§ DATA FOR THIS TASK:
lemma not_inversion_if_coroot_pairing_neg:
  assumes a: "a \<in> P" and neg: "coroot_pairing a < 0"
  shows "refl \<gamma> a \<in> P" "refl \<gamma> a \<notin> I" "a \<notin> I"
proof -
  have a_root: "a \<in> \<Phi>"
    using a pos_roots_subset by blast
  obtain k :: int where k: "coroot_pairing a = of_int k"
    using coroot_pairing_int[OF a_root] by blast
  have k_neg: "k \<le> -1"
    using neg k by simp
  have eq: "refl \<gamma> a = a + of_int (- k) *\<^sub>R \<gamma>"
    by (simp add: refl_gamma_eq k)
  have "nonneg_comb \<Delta> (refl \<gamma> a)"
    unfolding eq using k_neg
    by (intro nonneg_comb_add nonneg_comb_scaleR pos_roots_nonneg_comb a gamma_pos) simp
  then show pos: "refl \<gamma> a \<in> P"
    using root_pos_if_nonneg_comb refl_root[OF gamma_root a_root] by blast
  have "refl \<gamma> a - \<gamma> = of_nat 1 *\<^sub>R a + of_nat (nat (- k - 1)) *\<^sub>R \<gamma>"
    using k_neg by (simp add: eq algebra_simps of_nat_nat)
  then have "root_le \<Phi> \<Delta> \<gamma> (refl \<gamma> a)"
    by (rule root_le_if_diff[OF a gamma_pos])
  then show not_inv: "refl \<gamma> a \<notin> I"
    using not_inversion_if_above_gamma refl_gamma_neq_gamma[OF a] by blast
  show "a \<notin> I"
  proof
    assume "a \<in> I"
    then have "nonneg_comb \<Delta> (- inv w a + of_int (- k) *\<^sub>R (- inv w \<gamma>))"
      using k_neg gamma_inversion
      by (intro nonneg_comb_add nonneg_comb_scaleR pos_roots_nonneg_comb)
         (auto simp: inversions_iff neg_roots_iff)
    moreover have "- inv w (refl \<gamma> a) = - inv w a + of_int (- k) *\<^sub>R (- inv w \<gamma>)"
      by (simp add: eq linear_diff[OF linear_inv_weyl] linear_scale[OF linear_inv_weyl])
    ultimately have "refl \<gamma> a \<in> I"
      using inversion_if_nonneg_comb[OF pos] by simp
    then show False
      using not_inv by blast
  qed
qed

lemma not_inversion_if_refl_pos:
  assumes "a \<in> P" "refl \<gamma> a \<in> P" "coroot_pairing a \<noteq> 0"
  shows "a \<notin> I" "a \<notin> I'"
proof -
  have "a \<notin> I \<and> refl \<gamma> a \<notin> I"
  proof (cases "coroot_pairing a < 0")
    case True
    then show ?thesis
      using not_inversion_if_coroot_pairing_neg[OF assms(1)] by blast
  next
    case False
    then have "coroot_pairing (refl \<gamma> a) < 0"
      using assms(3) coroot_pairing_refl_gamma by simp
    then show ?thesis
      using not_inversion_if_coroot_pairing_neg[OF assms(2)] by simp
  qed
  then show "a \<notin> I" "a \<notin> I'"
    using assms(2) by (auto simp: inversions_iff inversions_refl_iff)
qed

lemma coroot_pairing_pos_if_refl_not_pos:
  assumes "a \<in> P" "refl \<gamma> a \<notin> P"
  shows "0 < coroot_pairing a"
proof (rule ccontr)
  assume "\<not> 0 < coroot_pairing a"
  then have "nonneg_comb \<Delta> (a + (- coroot_pairing a) *\<^sub>R \<gamma>)"
    by (intro nonneg_comb_add nonneg_comb_scaleR pos_roots_nonneg_comb assms(1) gamma_pos) simp
  moreover have "refl \<gamma> a = a + (- coroot_pairing a) *\<^sub>R \<gamma>"
    by (simp add: refl_gamma_eq)
  ultimately have "refl \<gamma> a \<in> P"
    using root_pos_if_nonneg_comb refl_root[OF gamma_root] assms(1) pos_roots_subset
    by (metis subsetD)
  then show False
    using assms(2) by blast
qed

lemma uminus_refl_pos_if_refl_not_pos:
  assumes "a \<in> P" "refl \<gamma> a \<notin> P"
  shows "- refl \<gamma> a \<in> P"
  using assms root_pos_or_neg[OF refl_root[OF gamma_root]] pos_roots_subset neg_roots_iff by blast

lemma inversion_refl_iff_if_refl_not_pos:
  assumes "a \<in> P" "refl \<gamma> a \<notin> P"
  shows "a \<in> I' \<longleftrightarrow> - refl \<gamma> a \<notin> I"
proof -
  let ?b = "- refl \<gamma> a"
  have b: "?b \<in> P"
    by (rule uminus_refl_pos_if_refl_not_pos[OF assms])
  then have "inv w ?b \<in> \<Phi>"
    using weyl_group_root[OF inv_weyl] pos_roots_subset by blast
  then have "inv w ?b \<in> P \<longleftrightarrow> inv w ?b \<notin> N"
    using root_pos_or_neg pos_roots_disjoint_neg by blast
  then show ?thesis
    using assms(1) b
    by (simp add: inversions_refl_iff inversions_iff neg_roots_iff linear_neg[OF linear_inv_weyl])
qed
lemma exists_transversal_keeping_most:
  fixes C :: "'i \<Rightarrow> 'a multiset" and U :: "'k \<Rightarrow> 'a set"
  assumes "finite K" "finite I" "disjoint_family_on U K"
    and U_card: "\<And>k. k \<in> K \<Longrightarrow> finite (U k) \<and> card (U k) = a" and "b \<le> a"
    and C_pos: "\<And>i. i \<in> I \<Longrightarrow> 0 < size (C i)"
    and spread: "\<And>t. (\<Sum>i\<in>I. real (count (C i) t) / real (size (C i))) \<le> \<delta>" and "0 < \<delta>"
    and small: "real b / real a + 4 * \<delta> \<le> \<eta>"
  shows "\<exists>T \<subseteq> (\<Union>k\<in>K. U k). (\<forall>k\<in>K. card (T \<inter> U k) = b) \<and>
           (\<forall>i\<in>I. (1 - \<eta>) * size (C i) \<le> size (mset_remove_set (C i) T))"
proof -
  define w where "w i t = real (count (C i) t) / real (size (C i))" for i t
  interpret weighted_blocks K U I w \<delta>
    using assms by unfold_locales (auto simp: w_def)
  define x0 where "x0 t = (if t \<in> ground then real b / real a else 0)" for t
  have feas: "feasible b (real b / real a) x0"
    unfolding feasible_def
  proof (intro conjI allI ballI impI disjI1)
    fix t
    show "t \<notin> ground \<Longrightarrow> x0 t = 0" "0 \<le> x0 t" by (simp_all add: x0_def)
    show "x0 t \<le> 1" using \<open>b \<le> a\<close> by (cases "a = 0") (auto simp: x0_def divide_le_eq_1)
  next
    fix k assume "k \<in> K"
    then have "(\<Sum>t\<in>U k. x0 t) = (\<Sum>t\<in>U k. real b / real a)"
      using block_subset_ground by (intro sum.cong) (auto simp: x0_def)
    also have "\<dots> = real b" using U_card[OF \<open>k \<in> K\<close>] \<open>b \<le> a\<close> by (cases "a = 0") auto
    finally show "(\<Sum>t\<in>U k. x0 t) = real b" .
  next
    fix i assume "i \<in> I"
    have "real (\<Sum>t\<in>ground. count (C i) t) \<le> real (size (C i))"
      using size_mset_remove_set[OF finite_ground, of "C i"] by linarith
    then have "(\<Sum>t\<in>ground. w i t) \<le> 1"
      using C_pos[OF \<open>i \<in> I\<close>] by (simp add: w_def sum_divide_distrib[symmetric])
    moreover have "(\<Sum>t\<in>ground. w i t * x0 t) = (\<Sum>t\<in>ground. w i t) * (real b / real a)"
      unfolding sum_distrib_right by (intro sum.cong) (auto simp: x0_def)
    ultimately show "(\<Sum>t\<in>ground. w i t * x0 t) \<le> real b / real a"
      using mult_right_mono[of _ 1 "real b / real a"] by simp
  qed
  obtain T where "T \<subseteq> ground" and T_blocks: "\<forall>k\<in>K. card (T \<inter> U k) = b"
    and T_light: "\<forall>i\<in>I. (\<Sum>t\<in>T. w i t) \<le> real b / real a + 4 * \<delta>"
    using exists_rounding[OF feas] by blast
  have "(1 - \<eta>) * size (C i) \<le> size (mset_remove_set (C i) T)" if "i \<in> I" for i
  proof -
    have "finite T" using \<open>T \<subseteq> ground\<close> finite_ground by (rule finite_subset)
    have "(\<Sum>t\<in>T. w i t) \<le> \<eta>" using T_light that small by fastforce
    then have "real (\<Sum>t\<in>T. count (C i) t) / real (size (C i)) \<le> \<eta>"
      by (simp add: w_def sum_divide_distrib)
    then have "real (\<Sum>t\<in>T. count (C i) t) \<le> \<eta> * real (size (C i))"
      using C_pos[OF that] by (simp add: divide_le_eq)
    moreover have "real (size (mset_remove_set (C i) T)) + real (\<Sum>t\<in>T. count (C i) t) = real (size (C i))"
      using size_mset_remove_set[OF \<open>finite T\<close>, of "C i"] by (metis of_nat_add)
    ultimately show ?thesis by (simp add: algebra_simps)
  qed
  with \<open>T \<subseteq> ground\<close> T_blocks show ?thesis unfolding ground_def by blast
qed

lemma sum_relative_count_le:
  fixes C :: "'i \<Rightarrow> 'a multiset" and r s :: real
  assumes "0 < s" and "\<And>i. i \<in> I \<Longrightarrow> s \<le> real (size (C i))"
    and "real (\<Sum>i\<in>I. count (C i) t) \<le> r"
  shows "(\<Sum>i\<in>I. real (count (C i) t) / real (size (C i))) \<le> r / s"
proof -
  have "(\<Sum>i\<in>I. real (count (C i) t) / real (size (C i))) \<le> (\<Sum>i\<in>I. real (count (C i) t) / s)"
  proof (rule sum_mono)
    fix i assume "i \<in> I"
    then have "s \<le> real (size (C i))" by (rule assms(2))
    with \<open>0 < s\<close> show "real (count (C i) t) / real (size (C i)) \<le> real (count (C i) t) / s"
      by (intro divide_left_mono) auto
  qed
  also have "\<dots> \<le> r / s"
    using assms by (simp add: sum_divide_distrib[symmetric] divide_right_mono)
  finally show ?thesis .
qed

lemma exists_transversal_of_small_multiplicity:
  fixes C :: "'i \<Rightarrow> 'a multiset" and U :: "'k \<Rightarrow> 'a set" and \<mu> \<nu> :: real
  assumes "finite K" "finite I" "disjoint_family_on U K"
    and "\<And>k. k \<in> K \<Longrightarrow> finite (U k) \<and> card (U k) = a" and "b \<le> a"
    and size_ge: "\<And>i. i \<in> I \<Longrightarrow> \<nu> * real n \<le> real (size (C i))" and "0 < \<nu> * real n"
    and mult_le: "\<And>t. real (\<Sum>i\<in>I. count (C i) t) \<le> \<mu> * real n" and "0 < \<mu>"
    and "real b / real a + 4 * (\<mu> / \<nu>) \<le> \<eta>"
  shows "\<exists>T \<subseteq> (\<Union>k\<in>K. U k). (\<forall>k\<in>K. card (T \<inter> U k) = b) \<and>
           (\<forall>i\<in>I. (1 - \<eta>) * size (C i) \<le> size (mset_remove_set (C i) T))"
proof (rule exists_transversal_keeping_most)
  show "0 < size (C i)" if "i \<in> I" for i
    using size_ge[OF that] \<open>0 < \<nu> * real n\<close> by linarith
  show "(\<Sum>i\<in>I. real (count (C i) t) / real (size (C i))) \<le> \<mu> / \<nu>" for t
  proof -
    have "n \<noteq> 0" using \<open>0 < \<nu> * real n\<close> by (cases n) auto
    then show ?thesis using sum_relative_count_le[OF \<open>0 < \<nu> * real n\<close> size_ge mult_le] by simp
  qed
  show "0 < \<mu> / \<nu>" using assms by (simp add: zero_less_mult_iff)
qed (use assms in auto)

lemma ratio_le_half_if_ceiling_le:
  fixes \<eta> :: real
  assumes "0 < \<eta>" "\<eta> \<le> 1" and "nat \<lceil>2 * real b / \<eta>\<rceil> \<le> a"
  shows "real b / real a \<le> \<eta> / 2 \<and> b \<le> a"
proof
  have "2 * real b \<le> \<eta> * real a"
    using assms by (simp add: nat_le_iff ceiling_le_iff divide_le_eq mult.commute)
  moreover have "\<eta> * real a \<le> real a" using assms by (simp add: mult_left_le_one_le)
  ultimately show "b \<le> a" by linarith
  show "real b / real a \<le> \<eta> / 2"
    using \<open>2 * real b \<le> \<eta> * real a\<close> assms by (cases "a = 0") (simp_all add: divide_le_eq)
qed

theorem mainTheorem5:
  fixes \<eta> :: real and b :: nat
  assumes "0 < \<eta>" and "\<eta> \<le> 1"
  shows "\<exists>a0::nat. \<forall>a::nat\<ge>a0. \<exists>\<nu>0::real>0. \<forall>\<nu>::real. 0 < \<nu> \<and> \<nu> \<le> \<nu>0 \<longrightarrow>
    (\<exists>\<mu>0::real>0. \<forall>\<mu>::real. 0 < \<mu> \<and> \<mu> \<le> \<mu>0 \<longrightarrow>
      (\<exists>n0::nat. \<forall>n::nat\<ge>n0.
        \<forall>(m::nat) (C::nat \<Rightarrow> nat multiset).
          (\<forall>i\<in>{1..m}. \<nu> * real n \<le> real (size (C i)) \<and> size (C i) \<le> n) \<longrightarrow>
          (\<forall>t::nat. real (\<Sum>i\<in>{1..m}. count (C i) t) \<le> \<mu> * real n) \<longrightarrow>
          (\<forall>(l::nat) (U::nat \<Rightarrow> nat set).
            (\<forall>k\<in>{1..l}. \<forall>k'\<in>{1..l}. k \<noteq> k' \<longrightarrow> U k \<inter> U k' = {}) \<longrightarrow>
            (\<forall>k\<in>{1..l}. finite (U k) \<and> card (U k) = a) \<longrightarrow>
            (\<exists>T. T \<subseteq> (\<Union>k\<in>{1..l}. U k) \<and>
               (\<forall>k\<in>{1..l}. b \<le> card (T \<inter> U k)) \<and>
               (\<forall>i\<in>{1..m}. real (size (mset_remove_set (C i) T))
                                 \<ge> (1 - \<eta>) * real (size (C i)))))))"
proof -
  define a0 where "a0 = nat \<lceil>2 * real b / \<eta>\<rceil>"
  have a_large: "real b / real a \<le> \<eta> / 2 \<and> b \<le> a" if "a0 \<le> a" for a
    using ratio_le_half_if_ceiling_le[OF assms] that by (simp add: a0_def)
  show ?thesis
    apply (rule exI[of _ a0], intro allI impI)
    apply (rule exI[of _ "1::real"], intro conjI zero_less_one allI impI)
    subgoal for a \<nu>
      apply (rule exI[of _ "\<eta> * \<nu> / 8"], intro conjI allI impI)
      subgoal using assms by simp
      apply (rule exI[of _ "1::nat"], intro allI impI)
      subgoal premises prems for \<mu> n m C l U
      proof -
        have "4 * (\<mu> / \<nu>) \<le> \<eta> / 2" using prems(2,3) by (simp add: field_simps)
        then have "real b / real a + 4 * (\<mu> / \<nu>) \<le> \<eta>" using a_large[OF prems(1)] by linarith
        moreover have "disjoint_family_on U {1..l}" using prems(7) by (simp add: disjoint_family_on_def)
        ultimately have "\<exists>T \<subseteq> (\<Union>k\<in>{1..l}. U k). (\<forall>k\<in>{1..l}. card (T \<inter> U k) = b) \<and>
            (\<forall>i\<in>{1..m}. (1 - \<eta>) * size (C i) \<le> size (mset_remove_set (C i) T))"
          using a_large[OF prems(1)] prems(2-8)
          by (intro exists_transversal_of_small_multiplicity[where \<mu> = \<mu> and \<nu> = \<nu> and n = n]) auto
        then show ?thesis by auto
      qed
      done
    done
qed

§ DIRECTIONS: Reproduce only the lines above, starting at the line with "(simp add: field_simps)" and ending at the line with "by (intro exists_transversal_of_small_multiplicity[where", exactly as written.

§ SOLUTION TO THE EXERCISE:
        have "4 * (\<mu> / \<nu>) \<le> \<eta> / 2" using prems(2,3) by (simp add: field_simps)
        then have "real b / real a + 4 * (\<mu> / \<nu>) \<le> \<eta>" using a_large[OF prems(1)] by linarith
        moreover have "disjoint_family_on U {1..l}" using prems(7) by (simp add: disjoint_family_on_def)
        ultimately have "\<exists>T \<subseteq> (\<Union>k\<in>{1..l}. U k). (\<forall>k\<in>{1..l}. card (T \<inter> U k) = b) \<and>
            (\<forall>i\<in>{1..m}. (1 - \<eta>) * size (C i) \<le> size (mset_remove_set (C i) T))"
          using a_large[OF prems(1)] prems(2-8)
          by (intro exists_transversal_of_small_multiplicity[where \<mu> = \<mu> and \<nu> = \<nu> and n = n]) auto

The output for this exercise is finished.